Morgan Taylor—the musician-illustrator behind Gustafer Yellowgold—is just one of a growing crop of performers whose work is aimed at young audiences, though not necessarily created for them originally. He’s released several albums of quirky indie-pop intended, we assume, for grown-ups; and he has played with the Autumn Defense, a side project of Wilco’s John Stirratt. The Gustafer Yellowgold story evolved from doodles Taylor used to produce while working in a record store and a whimsical, Beatlesesque song titled “I’m From the Sun” culled from one of the aforementioned albums.

As staged at MASS MoCA last Saturday, the Gustafer Yellowgold experience is a bit like a PowerPoint presentation given by a member of the Elephant 6 collective. Taylor’s own—quite charming—illustrations are projected on a screen before which he and his co-vocalist, Rachel Loshak, sing introductions to Gustafer Yellowgold and his friends: the eel, Slimothy; the friendly, flightless pterodactyl, Forrest Applecrumbie; the pet dragon, Asparagus; and Gustafer’s brother, Ben, inventor of both the hot-cheese cannon and rocket shoes.

If it sounds a little silly, it, of course, is. What do you expect at an 11 AM performance? The Ring Cycle? Taylor’s lyrics are gently surreal and playful (Gustafer’s hobby, we’re told, thusly, is pouncing on pastries: “I jump on cake, from high above/I step on pie, so warm and lovely/It’s mine to punt, vanilla bundt/All freshly baked, I’m on your cake.”) The songs are catchy and twee, without being cloying or insulting. Taylor’s stage presence is low-key and wry without being snide. (At one point he commended an elementary-school-age audience member for a quip by saying, “Nice one. In the comedy biz, that’s known as a ‘callback.’ ”)

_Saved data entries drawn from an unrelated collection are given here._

lemma mgf_cond_edge_le:
  fixes q :: "(bool \<times> bool) pmf"
  assumes nonempty: "set_pmf q \<inter> {x. fst x = b} \<noteq> {}" and "\<bar>l * \<delta>\<bar> \<le> 1"
  shows "measure_pmf.expectation (cond_pmf q {x. fst x = b}) (\<lambda>x. exp (- l * (of_bool (snd x) * \<delta>)))
           \<le> exp (- l * \<delta> * edge_rate q b + 2 * l\<^sup>2 * \<delta>\<^sup>2 * flip_rate q b)"
proof -
  define s where "s = - l * \<delta>"
  define r where "r = pmf q (b, True) / (pmf q (b, True) + pmf q (b, False))"
  have s_bound: "\<bar>s\<bar> \<le> 1" using assms(2) by (simp add: s_def)
  obtain y where "(b, y) \<in> set_pmf q" using nonempty by auto
  then have "0 < pmf q (b, y)" by (simp add: pmf_positive)
  then have total: "0 < pmf q (b, True) + pmf q (b, False)"
    by (cases y) (auto intro: add_pos_nonneg add_nonneg_pos)
  have rate: "r = edge_rate q b"
    using total by (cases b) (simp_all add: r_def edge_rate_def flip_rate_def p10_def p1s_def p11_def
        p01_def p0s_def p00_def field_simps)
  have "measure_pmf.expectation (cond_pmf q {x. fst x = b}) (\<lambda>x. exp (- l * (of_bool (snd x) * \<delta>)))
      = (pmf q (b, True) * exp s + pmf q (b, False)) / (pmf q (b, True) + pmf q (b, False))"
    by (subst expectation_cond_fst[OF nonempty]) (simp add: s_def)
  also have "\<dots> = 1 + r * (exp s - 1)"
    using total by (simp add: r_def field_simps)
  also have "\<dots> \<le> exp (r * s + 2 * flip_rate q b * s\<^sup>2)"
  proof (cases b)
    case True
    then have flip: "flip_rate q b = 1 - r" using rate by (simp add: edge_rate_def)
    then have "r \<le> 1" using flip_rate_bounds(1)[of q b] by simp
    then show ?thesis using bernoulli_mgf_le_complement[OF _ s_bound] by (simp only: flip)
  next
    case False
    then have flip: "flip_rate q b = r" using rate by (simp add: edge_rate_def)
    then show ?thesis
      using bernoulli_mgf_le[OF _ s_bound] flip_rate_bounds(1)[of q b] by (simp only: flip)
  qed
  also have "\<dots> = exp (- l * \<delta> * edge_rate q b + 2 * l\<^sup>2 * \<delta>\<^sup>2 * flip_rate q b)"
    by (simp add: rate s_def power_mult_distrib algebra_simps)
  finally show ?thesis .
qed

lemma finite_pairs: "finite V \<Longrightarrow> finite (pairs V)"
  unfolding pairs_def by (rule finite_subset[of _ "Pow V"]) auto

lemma pairs_incident_eq:
  assumes "u \<in> V"
  shows "{e \<in> pairs V. u \<in> e} = (\<lambda>w. {u, w}) ` (V - {u})"
proof
  show "{e \<in> pairs V. u \<in> e} \<subseteq> (\<lambda>w. {u, w}) ` (V - {u})"
  proof
    fix e assume e: "e \<in> {e \<in> pairs V. u \<in> e}"
    then obtain x y where xy: "e = {x, y}" "x \<noteq> y" "e \<subseteq> V"
      by (auto simp: pairs_def card_2_iff)
    then consider "u = x" | "u = y" using e by auto
    then show "e \<in> (\<lambda>w. {u, w}) ` (V - {u})"
      by cases (use xy in \<open>auto simp: insert_commute\<close>)
  qed
  show "(\<lambda>w. {u, w}) ` (V - {u}) \<subseteq> {e \<in> pairs V. u \<in> e}"
    using assms by (auto simp: pairs_def)
qed

lemma card_pairs_incident:
  assumes "finite V" "u \<in> V"
  shows "card {e \<in> pairs V. u \<in> e} = card V - 1"
proof -
  have "inj_on (\<lambda>w. {u, w}) (V - {u})" by (auto simp: inj_on_def doubleton_eq_iff)
  then show ?thesis using assms by (simp add: pairs_incident_eq card_image)
qed

lemma deg_le_card_minus_one:
  assumes "finite V" "u \<in> V" "g \<subseteq> pairs V"
  shows "deg g u \<le> card V - 1"
proof -
  have "deg g u \<le> card {e \<in> pairs V. u \<in> e}"
    unfolding deg_def using assms by (intro card_mono) (auto simp: finite_pairs)
  then show ?thesis using card_pairs_incident[OF assms(1,2)] by simp
qed

lemma sum_pairs_incident:
  fixes h :: "bool \<Rightarrow> real"
  assumes "finite V" "u \<in> V" "g \<subseteq> pairs V"
  shows "(\<Sum>e\<in>pairs V. of_bool (u \<in> e) * h (e \<in> g))
           = h True * real (deg g u) + h False * (real (card V - 1) - real (deg g u))"
proof -
  have fin: "finite (pairs V)" using assms(1) by (rule finite_pairs)
  have in_g: "{e \<in> pairs V. u \<in> e \<and> e \<in> g} = {e \<in> g. u \<in> e}" using assms(3) by auto
  have "card {e \<in> pairs V. u \<in> e} = card {e \<in> pairs V. u \<in> e \<and> e \<in> g} + card {e \<in> pairs V. u \<in> e \<and> e \<notin> g}"
    using fin by (subst card_Un_disjoint[symmetric]) (auto intro: arg_cong[where f = card])
  then have not_in_g: "real (card {e \<in> pairs V. u \<in> e \<and> e \<notin> g}) = real (card V - 1) - real (deg g u)"
    using card_pairs_incident[OF assms(1,2)] by (simp add: in_g deg_def)
  have "(\<Sum>e\<in>pairs V. of_bool (u \<in> e) * h (e \<in> g))
      = (\<Sum>e\<in>pairs V. h True * of_bool (u \<in> e \<and> e \<in> g) + h False * of_bool (u \<in> e \<and> e \<notin> g))"
    by (intro sum.cong) auto
  also have "\<dots> = h True * real (card {e \<in> pairs V. u \<in> e \<and> e \<in> g})
      + h False * real (card {e \<in> pairs V. u \<in> e \<and> e \<notin> g})"
    using fin by (simp add: sum.distrib flip: sum_distrib_left) (simp add: Int_def)
  finally show ?thesis by (simp add: in_g not_in_g deg_def)
qed

lemma sum_pairs_degree_difference:
  fixes h :: "bool \<Rightarrow> real"
  assumes "finite V" "u \<in> V" "v \<in> V" "g \<subseteq> pairs V"
  shows "(\<Sum>e\<in>pairs V. (of_bool (u \<in> e) - of_bool (v \<in> e)) * h (e \<in> g))
           = (h True - h False) * (real (deg g u) - real (deg g v))"
  using sum_pairs_incident[OF assms(1,2,4), of h] sum_pairs_incident[OF assms(1,3,4), of h]
  by (simp add: left_diff_distrib sum_subtractf algebra_simps)

lemma sum_pairs_degree_difference_square_le:
  fixes h :: "bool \<Rightarrow> real"
  assumes "finite V" "u \<in> V" "v \<in> V" "g \<subseteq> pairs V"
    and "deg g v \<le> deg g u" "h True \<ge> 0" "h False \<ge> 0"
  shows "(\<Sum>e\<in>pairs V. (of_bool (u \<in> e) - of_bool (v \<in> e))\<^sup>2 * h (e \<in> g))
           \<le> 2 * (h True * real (deg g u) + h False * real (card V - 1 - deg g v))"
proof -
  have h_nonneg: "0 \<le> h b" for b using assms(6,7) by (cases b) auto
  have "(\<Sum>e\<in>pairs V. (of_bool (u \<in> e) - of_bool (v \<in> e))\<^sup>2 * h (e \<in> g))
      \<le> (\<Sum>e\<in>pairs V. (of_bool (u \<in> e) + of_bool (v \<in> e)) * h (e \<in> g))"
    by (intro sum_mono mult_right_mono h_nonneg) auto
  also have "\<dots> = h True * (real (deg g u) + real (deg g v))
      + h False * (2 * real (card V - 1) - real (deg g u) - real (deg g v))"
    using sum_pairs_incident[OF assms(1,2,4), of h] sum_pairs_incident[OF assms(1,3,4), of h]
    by (simp add: distrib_right sum.distrib algebra_simps)
  also have "\<dots> \<le> 2 * (h True * real (deg g u) + h False * real (card V - 1 - deg g v))"
  proof -
    have complement: "real (card V - 1 - deg g v) = real (card V - 1) - real (deg g v)"
      using deg_le_card_minus_one[OF assms(1,3,4)] by (simp add: of_nat_diff)
    have "h b * real (deg g v) \<le> h b * real (deg g u)" for b
      using assms(5) h_nonneg by (simp add: mult_left_mono)
    from this[of True] this[of False] show ?thesis unfolding complement by (simp add: algebra_simps)
  qed
  finally show ?thesis .
qed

If there is any problem with Gustafer Yellowgold it’s in the show’s easygoing nature. The songs do introduce the characters, but the show doesn’t do much more with them. We learn that Gustafer lived on the sun, then came to Minnesota in search of a more varied climate; we know that he’s got some unusual pets, and that his brother is a bit of a eccentric. We’re given this info in colorful and eminently hummable ways. But then nothing happens. Easygoing is great; aimless, not so much. I found myself waiting for the point, the lesson—something about making friends, appreciating differences, something After School Special-ish.

Then again, my Neutral Milk Hotel albums didn’t teach me how to share. So, maybe I’m missing the point. And it should be noted that my daughter is still singing that one about the eel.

—John Rodat

PHOTO: John Whipple

Hello, My Name Is . . .

The Capital Region’s own Blotto, in one of their not-infrequent reunions, performed in Troy’s Monument Square Saturday afternoon as one of the many musical acts at the 4th Annual River Street Festival. An estimated 20,000 people passed through, soaking in the sun, sights and sounds at the daylong, family-friendly bash. Other acts included geek-pop elder statesmen They Might Be Giants and Australian-American rockers Mink.